Installed /home/amzing/software/anaconda/enter/envs/pytracking/lib/python3.7/site-packages/lltm_cpp-0.0.0-py3.7-linux-x86_64.egg
Processing dependencies for lltm-cpp==0.0.0
Finished processing dependencies for lltm-cpp==0.0.0

可以看到它安装到

Installed /home/amzing/software/anaconda/enter/envs/pytracking/lib/python3.7/site-packages/lltm_cpp-0.0.0-py3.7-linux-x86_64.egg

这个地方了

1.4 测试

测试使用我们的lltm模块的速度：

main.py(cpu):

import torch

import math
import torch
import time

# Our module!
import lltm_cpp as lltm

class LLTMFunction(torch.autograd.Function):
    @staticmethod
    def forward(ctx, input, weights, bias, old_h, old_cell):
        outputs = lltm.forward(input, weights, bias, old_h, old_cell)
        new_h, new_cell = outputs[:2]
        variables = outputs[1:] + [weights]
        ctx.save_for_backward(*variables)

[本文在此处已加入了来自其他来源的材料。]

(* Let $d\ge1$, let $G$ be a graph and $F$ a set of nonedges of $G$. Let $\{B_x\}_{x\in V(M)}$ be an induced minor model of a graph $M$ in $G$ such that for every $uv\in F$, $u\in B_x$ and $v\in B_y$ for some $x\neq y$ and no edge of $G$ joins $B_x$ and $B_y$; let $F'$ be the set of the corresponding pairs $xy$ (nonedges of $M$). If $(G,F)$ is $d$-convex (resp. $d$-Cayley-connected), then $(M,F')$ is $d$-convex (resp. $d$-Cayley-connected).
   Context: A linkage $(G,\ell)$: finite simple graph $G$ and $\ell:E(G)\to\mathbb{R}_{\ge0}$ (squared lengths). A $d$-realization is $p:V(G)\to\mathbb{R}^d$ with $\|p(a)-p(b)\|^2=\ell(ab)$ for all $ab\in E(G)$; $\mathcal{C}^d(G,\ell)$ is the set of these. For an indexed set $F=\{u_1v_1,\dots,u_mv_m\}$ of nonedges (pairs of distinct non-adjacent vertices), $\phi_F(p)=(\|p(u_i)-p(v_i)\|^2)_i$ and $\Omega^d_F(G,\ell)=\phi_F(\mathcal{C}^d(G,\ell))$. $(G,F)$ is $d$-convex (resp. $d$-Cayley-connected) if $\Omega^d_F(G,\ell)$ is convex (resp. path-connected) for every $\ell$; the empty set counts as convex and connected. An induced minor model of $M$ in $G$ is a partition $\{B_x\}_{x\in V(M)}$ of $V(G)$ into nonempty sets each inducing a connected subgraph, such that $xy\in E(M)$ if and only if some edge of $G$ joins $B_x$ and $B_y$ (i.e. $M$ arises from $G$ by contractions only). *)

theory Defs
  imports "HOL-Analysis.Analysis"
begin

text \<open>A finite simple graph: vertex set = UNIV of a finite type, edges given by a
symmetric irreflexive relation.\<close>
definition simple_graph :: "('a::finite \<Rightarrow> 'a \<Rightarrow> bool) \<Rightarrow> bool" where
  "simple_graph E \<longleftrightarrow> (\<forall>a b. E a b \<longrightarrow> E b a) \<and> (\<forall>a. \<not> E a a)"

definition nonedge :: "('a \<Rightarrow> 'a \<Rightarrow> bool) \<Rightarrow> 'a \<Rightarrow> 'a \<Rightarrow> bool" where
  "nonedge E u v \<longleftrightarrow> u \<noteq> v \<and> \<not> E u v"

definition indexed_nonedges ::
  "('a \<Rightarrow> 'a \<Rightarrow> bool) \<Rightarrow> 'i set \<Rightarrow> ('i \<Rightarrow> 'a \<times> 'a) \<Rightarrow> bool" where
  "indexed_nonedges E I F \<longleftrightarrow>
     (\<forall>i\<in>I. nonedge E (fst (F i)) (snd (F i))) \<and>
     (\<forall>i\<in>I. \<forall>j\<in>I. i \<noteq> j \<longrightarrow> {fst (F i), snd (F i)} \<noteq> {fst (F j), snd (F j)})"

text \<open>Squared edge lengths \<open>\<ell>\<close>: nonnegative, and (being a function on unordered edges)
symmetric on edges; values on nonedges are irrelevant.\<close>
definition linkage_lengths :: "('a \<Rightarrow> 'a \<Rightarrow> bool) \<Rightarrow> ('a \<Rightarrow> 'a \<Rightarrow> real) \<Rightarrow> bool" where
  "linkage_lengths E l \<longleftrightarrow> (\<forall>a b. E a b \<longrightarrow> 0 \<le> l a b \<and> l a b = l b a)"

text \<open>d-realizations: maps into R^d (d = CARD('d)).\<close>
definition realizations ::
  "'d::finite itself \<Rightarrow> ('a \<Rightarrow> 'a \<Rightarrow> bool) \<Rightarrow> ('a \<Rightarrow> 'a \<Rightarrow> real) \<Rightarrow> ('a \<Rightarrow> real^'d) set" where
  "realizations _ E l = {p. \<forall>a b. E a b \<longrightarrow> (norm (p a - p b))\<^sup>2 = l a b}"

text \<open>The Cayley map \<open>\<phi>_F\<close>, with values in R^I, embedded in real^'i (coordinates outside I are 0).\<close>
definition cayley_map ::
  "'i::finite set \<Rightarrow> ('i \<Rightarrow> 'a \<times> 'a) \<Rightarrow> ('a \<Rightarrow> real^'d) \<Rightarrow> real^'i" where
  "cayley_map I F p = (\<chi> i. if i \<in> I then (norm (p (fst (F i)) - p (snd (F i))))\<^sup>2 else 0)"

definition cayley_config ::
  "'d::finite itself \<Rightarrow> ('a \<Rightarrow> 'a \<Rightarrow> bool) \<Rightarrow> ('a \<Rightarrow> 'a \<Rightarrow> real) \<Rightarrow> 'i::finite set
     \<Rightarrow> ('i \<Rightarrow> 'a \<times> 'a) \<Rightarrow> (real^'i) set" where
  "cayley_config D E l I F = cayley_map I F ` realizations D E l"

definition d_convex ::
  "'d::finite itself \<Rightarrow> ('a \<Rightarrow> 'a \<Rightarrow> bool) \<Rightarrow> 'i::finite set \<Rightarrow> ('i \<Rightarrow> 'a \<times> 'a) \<Rightarrow> bool" where
  "d_convex D E I F \<longleftrightarrow> (\<forall>l. linkage_lengths E l \<longrightarrow> convex (cayley_config D E l I F))"

definition d_cayley_connected ::
  "'d::finite itself \<Rightarrow> ('a \<Rightarrow> 'a \<Rightarrow> bool) \<Rightarrow> 'i::finite set \<Rightarrow> ('i \<Rightarrow> 'a \<times> 'a) \<Rightarrow> bool" where
  "d_cayley_connected D E I F \<longleftrightarrow>
     (\<forall>l. linkage_lengths E l \<longrightarrow> path_connected (cayley_config D E l I F))"

definition induces_connected :: "('a \<Rightarrow> 'a \<Rightarrow> bool) \<Rightarrow> 'a set \<Rightarrow> bool" where
  "induces_connected E S \<longleftrightarrow>
     (\<forall>a\<in>S. \<forall>b\<in>S. (\<lambda>u v. u \<in> S \<and> v \<in> S \<and> E u v)\<^sup>*\<^sup>* a b)"

definition induced_minor_model ::
  "('a \<Rightarrow> 'a \<Rightarrow> bool) \<Rightarrow> ('b \<Rightarrow> 'b \<Rightarrow> bool) \<Rightarrow> ('b \<Rightarrow> 'a set) \<Rightarrow> bool" where
  "induced_minor_model E M B \<longleftrightarrow>
     (\<forall>x. B x \<noteq> {}) \<and>
     (\<forall>x y. x \<noteq> y \<longrightarrow> B x \<inter> B y = {}) \<and>
     (\<Union>x. B x) = UNIV \<and>
     (\<forall>x. induces_connected E (B x)) \<and>
     (\<forall>x y. M x y \<longleftrightarrow> (x \<noteq> y \<and> (\<exists>a\<in>B x. \<exists>b\<in>B y. E a b)))"

end

theory Submission
  imports Defs
begin

text \<open>Contract each branch set \<open>B x\<close> to a point: give every edge inside a branch set length 0
and every edge between \<open>B x\<close> and \<open>B y\<close> the length of \<open>xy\<close> in \<open>M\<close>. Since the branch sets are
connected, the realizations of \<open>G\<close> with these lengths are exactly the realizations of \<open>M\<close>
composed with the branch-set map, and the Cayley configuration of \<open>(M, F')\<close> is the image of that
of \<open>(G, F)\<close> under a coordinate selection. Linear images preserve convexity and continuous images
preserve path-connectedness.\<close>

definition branch_of :: "('b \<Rightarrow> 'a set) \<Rightarrow> 'a \<Rightarrow> 'b" where
  "branch_of B a = (SOME x. a \<in> B x)"

definition contracted_lengths ::
  "('b \<Rightarrow> 'a set) \<Rightarrow> ('b \<Rightarrow> 'b \<Rightarrow> real) \<Rightarrow> 'a \<Rightarrow> 'a \<Rightarrow> real" where
  "contracted_lengths B l a b =
     (if branch_of B a = branch_of B b then 0 else l (branch_of B a) (branch_of B b))"

definition coordinate_selection :: "'j set \<Rightarrow> ('j \<Rightarrow> 'i) \<Rightarrow> real^'i \<Rightarrow> real^'j::finite" where
  "coordinate_selection J g w = (\<chi> j. if j \<in> J then w $ g j else 0)"

lemma linear_coordinate_selection: "linear (coordinate_selection J g)"
  by (rule linearI) (auto simp: coordinate_selection_def vec_eq_iff)

lemma branch_of_mem:
  assumes "(\<Union>x. B x) = UNIV"
  shows "a \<in> B (branch_of B a)"
proof -
  have "\<exists>x. a \<in> B x" using assms by blast
  then show ?thesis unfolding branch_of_def by (rule someI_ex)
qed

lemma branch_of_eq:
  assumes "(\<Union>x. B x) = UNIV" and "\<forall>x y. x \<noteq> y \<longrightarrow> B x \<inter> B y = {}" and "a \<in> B x"
  shows "branch_of B a = x"
  using branch_of_mem[OF assms(1), of a] assms(2,3) by blast

lemma induced_minor_model_branch_of:
  assumes "induced_minor_model E M B"
  shows "a \<in> B (branch_of B a)" and "a \<in> B x \<Longrightarrow> branch_of B a = x"
  using assms branch_of_mem[of B] branch_of_eq[of B] unfolding induced_minor_model_def by auto

lemma induced_minor_model_edge_between_branches:
  assumes "induced_minor_model E M B" and "E a b" and "branch_of B a \<noteq> branch_of B b"
  shows "M (branch_of B a) (branch_of B b)"
  using assms induced_minor_model_branch_of(1)[OF assms(1)]
  unfolding induced_minor_model_def by blast

lemma linkage_lengths_contracted:
  assumes "induced_minor_model E M B" and "linkage_lengths M l"
  shows "linkage_lengths E (contracted_lengths B l)"
  unfolding linkage_lengths_def
proof (intro allI impI)
  fix a b assume "E a b"
  then have "branch_of B a \<noteq> branch_of B b \<Longrightarrow> M (branch_of B a) (branch_of B b)"
    using induced_minor_model_edge_between_branches[OF assms(1)] by blast
  then show "0 \<le> contracted_lengths B l a b \<and> contracted_lengths B l a b = contracted_lengths B l b a"
    using assms(2)[unfolded linkage_lengths_def, rule_format, of "branch_of B a" "branch_of B b"]
    unfolding contracted_lengths_def by auto
qed

lemma realization_constant_on_connected:
  assumes "induces_connected E S" and "p \<in> realizations D E l"
    and "\<And>u v. u \<in> S \<Longrightarrow> v \<in> S \<Longrightarrow> E u v \<Longrightarrow> l u v = 0"
    and "a \<in> S" and "b \<in> S"
  shows "p a = p b"
proof -
  have "(\<lambda>u v. u \<in> S \<and> v \<in> S \<and> E u v)\<^sup>*\<^sup>* a b"
    using assms(1,4,5) unfolding induces_connected_def by blast
  then show ?thesis
  proof (induction rule: rtranclp_induct)
    case (step y z)
    then have "(norm (p y - p z))\<^sup>2 = 0"
      using assms(2,3) unfolding realizations_def by auto
    then show ?case using step.IH by simp
  qed simp
qed

lemma realizations_contracted:
  assumes "induced_minor_model E M B"
  shows "realizations D E (contracted_lengths B l) =
         (\<lambda>q. q \<circ> branch_of B) ` realizations D M l"
proof
  show "(\<lambda>q. q \<circ> branch_of B) ` realizations D M l \<subseteq> realizations D E (contracted_lengths B l)"
    using induced_minor_model_edge_between_branches[OF assms]
    unfolding realizations_def contracted_lengths_def by auto
next
  note mem = induced_minor_model_branch_of(1)[OF assms]
    and eq = induced_minor_model_branch_of(2)[OF assms]
  show "realizations D E (contracted_lengths B l) \<subseteq> (\<lambda>q. q \<circ> branch_of B) ` realizations D M l"
  proof
    fix p assume p: "p \<in> realizations D E (contracted_lengths B l)"
    define q where "q x = p (SOME a. a \<in> B x)" for x
    have "p a = p b" if "a \<in> B x" "b \<in> B x" for a b x
    proof (rule realization_constant_on_connected[OF _ p _ that])
      show "induces_connected E (B x)" using assms unfolding induced_minor_model_def by blast
    qed (auto simp: contracted_lengths_def eq)
    then have pq: "p = q \<circ> branch_of B"
      unfolding q_def o_def using mem by (metis someI_ex)
    have "q \<in> realizations D M l"
      unfolding realizations_def
    proof (intro CollectI allI impI)
      fix x y assume "M x y"
      then obtain a b where "x \<noteq> y" "a \<in> B x" "b \<in> B y" "E a b"
        using assms unfolding induced_minor_model_def by blast
      moreover from \<open>E a b\<close> p have "(norm (p a - p b))\<^sup>2 = contracted_lengths B l a b"
        unfolding realizations_def by blast
      ultimately show "(norm (q x - q y))\<^sup>2 = l x y"
        using pq eq by (simp add: contracted_lengths_def)
    qed
    with pq show "p \<in> (\<lambda>q. q \<circ> branch_of B) ` realizations D M l" by blast
  qed
qed

lemma cayley_map_comp:
  assumes "\<forall>j\<in>J. g j \<in> I \<and>
             {\<beta> (fst (F (g j))), \<beta> (snd (F (g j)))} = {fst (F' j), snd (F' j)}"
  shows "coordinate_selection J g (cayley_map I F (q \<circ> \<beta>)) = cayley_map J F' q"
proof -
  have "(norm (q (\<beta> (fst (F (g j)))) - q (\<beta> (snd (F (g j))))))\<^sup>2
        = (norm (q (fst (F' j)) - q (snd (F' j))))\<^sup>2" if "j \<in> J" for j
    using assms that by (auto simp: doubleton_eq_iff norm_minus_commute)
  then show ?thesis
    using assms unfolding coordinate_selection_def cayley_map_def by (auto simp: vec_eq_iff)
qed

lemma cayley_config_contracted:
  assumes "induced_minor_model E M B"
    and "\<forall>j\<in>J. g j \<in> I \<and>
           {branch_of B (fst (F (g j))), branch_of B (snd (F (g j)))} = {fst (F' j), snd (F' j)}"
  shows "cayley_config D M l J F' =
         coordinate_selection J g ` cayley_config D E (contracted_lengths B l) I F"
  unfolding cayley_config_def realizations_contracted[OF assms(1)] image_image
  by (simp add: cayley_map_comp[OF assms(2)])

lemma induced_minor_model_nonedge_preimages:
  assumes "induced_minor_model E M B"
    and "{{fst (F' j), snd (F' j)} | j. j \<in> J} =
         {{x, y} | x y. \<exists>i\<in>I. fst (F i) \<in> B x \<and> snd (F i) \<in> B y}"
  obtains g where "\<forall>j\<in>J. g j \<in> I \<and>
           {branch_of B (fst (F (g j))), branch_of B (snd (F (g j)))} = {fst (F' j), snd (F' j)}"
proof -
  have "\<forall>j\<in>J. \<exists>i. i \<in> I \<and>
          {branch_of B (fst (F i)), branch_of B (snd (F i))} = {fst (F' j), snd (F' j)}"
  proof
    fix j assume "j \<in> J"
    then have "{fst (F' j), snd (F' j)} \<in> {{x, y} | x y. \<exists>i\<in>I. fst (F i) \<in> B x \<and> snd (F i) \<in> B y}"
      unfolding assms(2)[symmetric] by blast
    then obtain x y i where "{fst (F' j), snd (F' j)} = {x, y}"
      and "i \<in> I" "fst (F i) \<in> B x" "snd (F i) \<in> B y"
      by blast
    then show "\<exists>i. i \<in> I \<and>
          {branch_of B (fst (F i)), branch_of B (snd (F i))} = {fst (F' j), snd (F' j)}"
      using induced_minor_model_branch_of(2)[OF assms(1)] by metis
  qed
  from bchoice[OF this] show ?thesis using that by blast
qed

text \<open>Neither simplicity of the graphs, the nonedge conditions on \<open>F\<close> and \<open>F'\<close>, nor the
separation of the branch sets containing the ends of each pair in \<open>F\<close> is needed.\<close>

theorem mainTheorem6:
  fixes E :: "'a::finite \<Rightarrow> 'a \<Rightarrow> bool"
    and M :: "'b::finite \<Rightarrow> 'b \<Rightarrow> bool"
    and B :: "'b \<Rightarrow> 'a set"
    and I :: "'i::finite set" and F :: "'i \<Rightarrow> 'a \<times> 'a"
    and J :: "'j::finite set" and F' :: "'j \<Rightarrow> 'b \<times> 'b"
    and D :: "'d::finite itself"
  assumes "simple_graph E" and "simple_graph M"
    and "indexed_nonedges E I F"
    and "induced_minor_model E M B"
    and "\<forall>i\<in>I. \<exists>x y. x \<noteq> y \<and> fst (F i) \<in> B x \<and> snd (F i) \<in> B y \<and>
                   \<not> (\<exists>a\<in>B x. \<exists>b\<in>B y. E a b)"
    and "indexed_nonedges M J F'"
    and "{{fst (F' j), snd (F' j)} | j. j \<in> J} =
         {{x, y} | x y. \<exists>i\<in>I. fst (F i) \<in> B x \<and> snd (F i) \<in> B y}"
  shows "(d_convex D E I F \<longrightarrow> d_convex D M J F') \<and>
         (d_cayley_connected D E I F \<longrightarrow> d_cayley_connected D M J F')"
proof -
  obtain g where g: "\<forall>j\<in>J. g j \<in> I \<and>
      {branch_of B (fst (F (g j))), branch_of B (snd (F (g j)))} = {fst (F' j), snd (F' j)}"
    using induced_minor_model_nonedge_preimages[OF assms(4,7)] by blast
  note config = cayley_config_contracted[OF assms(4) g]
    and lengths = linkage_lengths_contracted[OF assms(4)]
  show ?thesis
  proof (intro conjI impI)
    assume "d_convex D E I F"
    then show "d_convex D M J F'"
      unfolding d_convex_def config
      using lengths convex_linear_image[OF linear_coordinate_selection] by blast
  next
    have "continuous_on S (coordinate_selection J g)" for S
      by (simp add: linear_continuous_on linear_coordinate_selection linear_linear)
    moreover assume "d_cayley_connected D E I F"
    ultimately show "d_cayley_connected D M J F'"
      unfolding d_cayley_connected_def config
      using lengths path_connected_continuous_image by blast
  qed
qed

end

        return new_h, new_cell

    @staticmethod
    def backward(ctx, grad_h, grad_cell):
        outputs = lltm.backward(
            grad_h.contiguous(), grad_cell.contiguous(), *ctx.saved_variables)
        d_old_h, d_input, d_weights, d_bias, d_old_cell = outputs
        return d_input, d_weights, d_bias, d_old_h, d_old_cell

class LLTM(torch.nn.Module):
    def __init__(self, input_features, state_size):
        super(LLTM, self).__init__()
        self.input_features = input_features
        self.state_size = state_size
        self.weights = torch.nn.Parameter(
            torch.empty(3 * state_size, input_features + state_size))
        self.bias = torch.nn.Parameter(torch.empty(3 * state_size))
        self.reset_parameters()

    def reset_parameters(self):
        stdv = 1.0 / math.sqrt(self.state_size)
        for weight in self.parameters():
            weight.data.uniform_(-stdv, +stdv)

    def forward(self, input, state):
        return LLTMFunction.apply(input, self.weights, self.bias, *state)


if __name__ == '__main__':

    batch_size = 16
    input_features = 32
    state_size = 128

    X = torch.randn(batch_size, input_features)
    h = torch.randn(batch_size, state_size)
    C = torch.randn(batch_size, state_size)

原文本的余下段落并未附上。